As well as being used in vaccines, adenoviruses are also useful vectors for gene therapy, in which therapeutic genes are delivered into the cells of people with genetic defects.
Who is behind the vaccine and how have they tested it?
A team of University of Oxford scientists completed their design for the vaccine after Chinese researchers released details of the coronavirus genetic material online early this year.
The university teamed up with British-Swedish pharmaceutical giant AstraZeneca to develop and distribute the vaccine.
Much of the funding came from the British government, which bought up 100m doses in advance.
Clinical trials involving more than 24,000 people took place in Brazil, South Africa and the UK and manufacturing is taking place in more than 10 countries to ensure, as the university put it in November, “equitable global distribution”.
How effective is this 'winning formula'?
In late-stage clinical trials, the vaccine was, overall, 70.4 per cent effective at preventing people falling ill with Covid-19. This figure averages results from two dosing regimens.
With two standard doses, effectiveness was 62.1 per cent. When people were given half a dose, and then a full dose, efficacy was 90 per cent.
In comments to British media published on Sunday, AstraZeneca’s chief executive, Pascal Soriot, said a “winning formula” had been worked out that would achieve results “up there with everybody else" – a possible reference to other vaccines that are as much as 95 per cent effective.
Mr Soriot also indicated the vaccine was completely effective at preventing severe cases of Covid-19.
Scientists not connected with the vaccine programme have suggested that an initial half-dose results in better protection because it reduces adenoviral vector immunity.

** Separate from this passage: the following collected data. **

lemma extension_snoc:
  assumes "p \<notin> decided \<phi>"
  obtains \<psi> where "extension \<phi> p m = \<psi> @ [max m (bound \<psi>)]" "prefix \<phi> \<psi>" "p \<in> w \<psi>"
proof -
  define i where "i = (LEAST i. p \<in> decided (greedy \<phi> m i))"
  have "p \<notin> dom (s [])"
    using assms unfolding decided_def by (metis UN_I atMost_iff le0 take0)
  then have "p \<in> decided (greedy \<phi> m i)"
    unfolding i_def by (rule LeastI_ex[OF greedy_eventually_decides])
  moreover have "i \<noteq> 0"
    using \<open>p \<in> decided (greedy \<phi> m i)\<close> assms by (metis greedy.simps(1))
  then obtain i' where "i = Suc i'"
    using not0_implies_Suc by blast
  moreover have "p \<notin> decided (greedy \<phi> m i')"
    using not_less_Least[of i' "\<lambda>i. p \<in> decided (greedy \<phi> m i)"] \<open>i = Suc i'\<close> i_def by simp
  ultimately show ?thesis
    using that[of "greedy \<phi> m i'"] by (simp add: extension_def i_def[symmetric] decided_snoc prefix_greedy)
qed

lemma strict_prefix_extension: "p \<notin> decided \<phi> \<Longrightarrow> strict_prefix \<phi> (extension \<phi> p m)"
  by (metis extension_snoc prefix_order.le_less_trans strict_prefixI')

lemma admissible_extension:
  assumes "admissible t \<phi>"
  shows "admissible (t @ [next_value \<phi> (slot t) m]) (extension \<phi> (slot t) m)"
    and "m < next_value \<phi> (slot t) m"
proof -
  have "slot t \<notin> decided \<phi>"
    using assms by (simp add: admissible_def)
  then obtain \<psi> where ext: "extension \<phi> (slot t) m = \<psi> @ [max m (bound \<psi>)]"
    and "prefix \<phi> \<psi>" and "slot t \<in> w \<psi>"
    by (rule extension_snoc)
  define v where "v = next_value \<phi> (slot t) m"
  have v: "s (\<psi> @ [max m (bound \<psi>)]) (slot t) = Some v"
    using \<open>slot t \<in> w \<psi>\<close> by (auto simp: v_def next_value_def ext simp flip: dom_snoc[of _ "max m (bound \<psi>)"])
  then have "max m (bound \<psi>) < v"
    by (rule snoc_value_gt)
  then show "m < v"
    by simp
  have "slot (t @ [v]) \<notin> decided (\<psi> @ [max m (bound \<psi>)])"
    using decided_snoc_less_bound \<open>max m (bound \<psi>) < v\<close> by fastforce
  moreover have "assigns (\<psi> @ [max m (bound \<psi>)]) (slot (take j (t @ [v]))) ((t @ [v]) ! j)"
    if "j < length (t @ [v])" for j
  proof (cases "j < length t")
    case True
    then show ?thesis
      using assms \<open>prefix \<phi> \<psi>\<close> by (auto simp: admissible_def nth_append intro: assigns_prefix)
  next
    case False
    then show ?thesis
      using that v by (auto simp: assigns_def less_Suc_eq intro!: exI[of _ "Suc (length \<psi>)"])
  qed
  ultimately show "admissible (t @ [v]) (extension \<phi> (slot t) m)"
    by (simp add: admissible_def ext)
qed

definition stem :: "nat list" where
  "stem = restr (skip_read (the \<circ> s [])) (LEAST k. slot (restr (skip_read (the \<circ> s [])) k) \<notin> dom (s []))"

lemma admissible_stem: "admissible stem []"
proof -
  define z where "z = skip_read (the \<circ> s [])"
  define pos where "pos k = slot (restr z k)" for k
  have "inj pos"
    unfolding pos_def by (rule strict_mono_imp_inj_on[OF strict_mono_slot_restr])
  then have "finite (pos -` dom (s []))"
    by (rule finite_vimageI[OF finite_dom])
  then have "\<exists>k. k \<notin> pos -` dom (s [])"
    by (rule ex_new_if_finite[OF infinite_UNIV_nat])
  define k0 where "k0 = (LEAST k. pos k \<notin> dom (s []))"
  have "pos k0 \<notin> dom (s [])"
    unfolding k0_def by (rule LeastI_ex) (use \<open>\<exists>k. k \<notin> pos -` dom (s [])\<close> in simp)
  moreover have "s [] (pos j) = Some (z j)" if "j < k0" for j
  proof -
    have "z j = the (s [] (pos j))"
      unfolding pos_def z_def using skip_read_slot[of "the \<circ> s []" j] by simp
    moreover have "pos j \<in> dom (s [])"
      using not_less_Least[of j "\<lambda>k. pos k \<notin> dom (s [])"] that by (simp add: k0_def)
    ultimately show ?thesis
      by auto
  qed
  moreover have "stem = restr z k0"
    by (simp add: stem_def z_def pos_def k0_def)
  ultimately show ?thesis
    by (simp add: admissible_def assigns_Nil decided_Nil pos_def min_def)
qed

text \<open>Taking the least suitable m makes \<phi> a function of t (reach_unique).\<close>

inductive reach :: "nat list \<Rightarrow> nat list \<Rightarrow> bool" where
  reach_stem: "reach stem []"
| reach_snoc: "reach t \<phi> \<Longrightarrow> v \<in> range (next_value \<phi> (slot t)) \<Longrightarrow>
    reach (t @ [v]) (extension \<phi> (slot t) (LEAST m. next_value \<phi> (slot t) m = v))"

lemma reach_admissible: "reach t \<phi> \<Longrightarrow> admissible t \<phi>"
proof (induction rule: reach.induct)
  case (reach_snoc t \<phi> v)
  then have "next_value \<phi> (slot t) (LEAST m. next_value \<phi> (slot t) m = v) = v"
    by (metis (mono_tags) LeastI rangeE)
  then show ?case
    using admissible_extension(1)[OF reach_snoc.IH] by metis
qed (rule admissible_stem)

lemma prefix_stem_reach: "reach t \<phi> \<Longrightarrow> prefix stem t"
  by (induction rule: reach.induct) (auto intro: prefix_order.trans)

lemma length_stem_le_reach: "reach t \<phi> \<Longrightarrow> length stem \<le> length t"
  using prefix_stem_reach prefix_length_le by blast

lemma reach_unique: "reach t \<phi> \<Longrightarrow> reach t \<phi>' \<Longrightarrow> \<phi>' = \<phi>"
proof (induction arbitrary: \<phi>' rule: reach.induct)
  case reach_stem
  then show ?case
  proof cases
    case (reach_snoc t)
    then show ?thesis
      using length_stem_le_reach[of t] by (auto dest: arg_cong[where f = length])
  qed simp
next
  case (reach_snoc t \<phi> v)
  from reach_snoc.prems show ?case
  proof cases
    case reach_stem
    then show ?thesis
      using length_stem_le_reach[OF reach_snoc.hyps(1)] by (auto dest: arg_cong[where f = length])
  next
    case (reach_snoc t' \<phi>'' v')
    then show ?thesis
      using reach_snoc.IH by auto
  qed
qed

lemma reach_snoc_strict_prefix:
  assumes "reach t \<phi>" "reach (t @ [v]) \<psi>"
  shows "strict_prefix \<phi> \<psi>"
  using assms(2)
proof cases
  case reach_stem
  then show ?thesis
    using length_stem_le_reach[OF assms(1)] by (auto dest: arg_cong[where f = length])
next
  case (reach_snoc t' \<phi>' v')
  then have "\<phi>' = \<phi>" and "slot t \<notin> decided \<phi>"
    using assms(1) reach_unique reach_admissible by (auto simp: admissible_def)
  then show ?thesis
    using reach_snoc by (auto intro: strict_prefix_extension)
qed

lemma reach_prefix:
  assumes "reach t \<phi>" "prefix stem u" "prefix u t"
  shows "\<exists>\<psi>. reach u \<psi>"
  using assms
proof (induction rule: reach.induct)
  case reach_stem
  then show ?case
    using prefix_order.antisym reach.reach_stem by blast
next
  case (reach_snoc t \<phi> v)
  show ?case
  proof (cases "u = t @ [v]")
    case True
    then show ?thesis
      using reach.reach_snoc[OF reach_snoc.hyps] by blast
  next
    case False
    then show ?thesis
      using reach_snoc.IH reach_snoc.prems by simp
  qed
qed

definition laver :: "nat list set" where
  "laver = {u. \<exists>t \<phi>. reach t \<phi> \<and> prefix u t}"

lemma reach_of_laver: "u \<in> laver \<Longrightarrow> length stem \<le> length u \<Longrightarrow> \<exists>\<phi>. reach u \<phi>"
  unfolding laver_def by (blast intro: reach_prefix prefix_length_prefix prefix_stem_reach)

lemma laver_tree_laver: "laver_tree laver"
  unfolding laver_tree_def
proof (intro conjI ballI allI impI bexI[of _ stem])
  show "stem \<in> laver"
    unfolding laver_def using reach_stem by blast
  show "u \<in> laver" if "t \<in> laver" "prefix u t" for t u
    using that unfolding laver_def by (blast intro: prefix_order.trans)
  show "prefix t stem \<or> prefix stem t" if "t \<in> laver" for t
    using that unfolding laver_def by (blast dest: prefix_stem_reach prefix_same_cases)
  show "infinite {n. t @ [n] \<in> laver}" if "t \<in> laver" "prefix stem t" for t
  proof -
    from that obtain \<phi> where "reach t \<phi>"
      using reach_of_laver prefix_length_le by blast
    then have "t @ [next_value \<phi> (slot t) m] \<in> laver" for m
      unfolding laver_def by (blast intro: reach_snoc)
    moreover have "m < next_value \<phi> (slot t) m" for m
      using admissible_extension(2) reach_admissible \<open>reach t \<phi>\<close> by blast
    ultimately show ?thesis
      unfolding infinite_nat_iff_unbounded by blast
  qed
qed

What benefits does the vaccine offer?
The vaccine is relatively cheap, costing about £3 (Dh14.7) per dose. Coronavirus vaccines based on messenger RNA, a type of genetic material, such as the Pfizer-BioNTech and Moderna vaccines, are several times more expensive. Another benefit is that it can be stored in a refrigerator and does not require extreme cold temperatures.
“It’s so much easier to store and distribute. Anything you can store at zero and a few degrees above is much easier,” said David Taylor, professor emeritus of pharmaceutical and public health policy at University College London.
In addition, the Oxford-AstraZeneca vaccine is thought to produce fewer allergic reactions than some coronavirus vaccines.
How could it be improved?
Aside from Mr Soriot’s comments that AstraZeneca had found an optimum regimen for the vaccine, this month it was announced that scientists were looking at combining it with Russia’s Sputnik V vaccine to increase efficacy.
The idea is that a person could be given one dose of the Oxford-AstraZeneca vaccine and another dose of one of Sputnik V’s two genetically engineered human adenoviruses.
The Russian Direct Investment Fund, which is behind Sputnik V, said trials would begin by the end of the year.
Using the two vaccines may be better than two doses of the same vaccine because it reduces adenoviral vector immunity.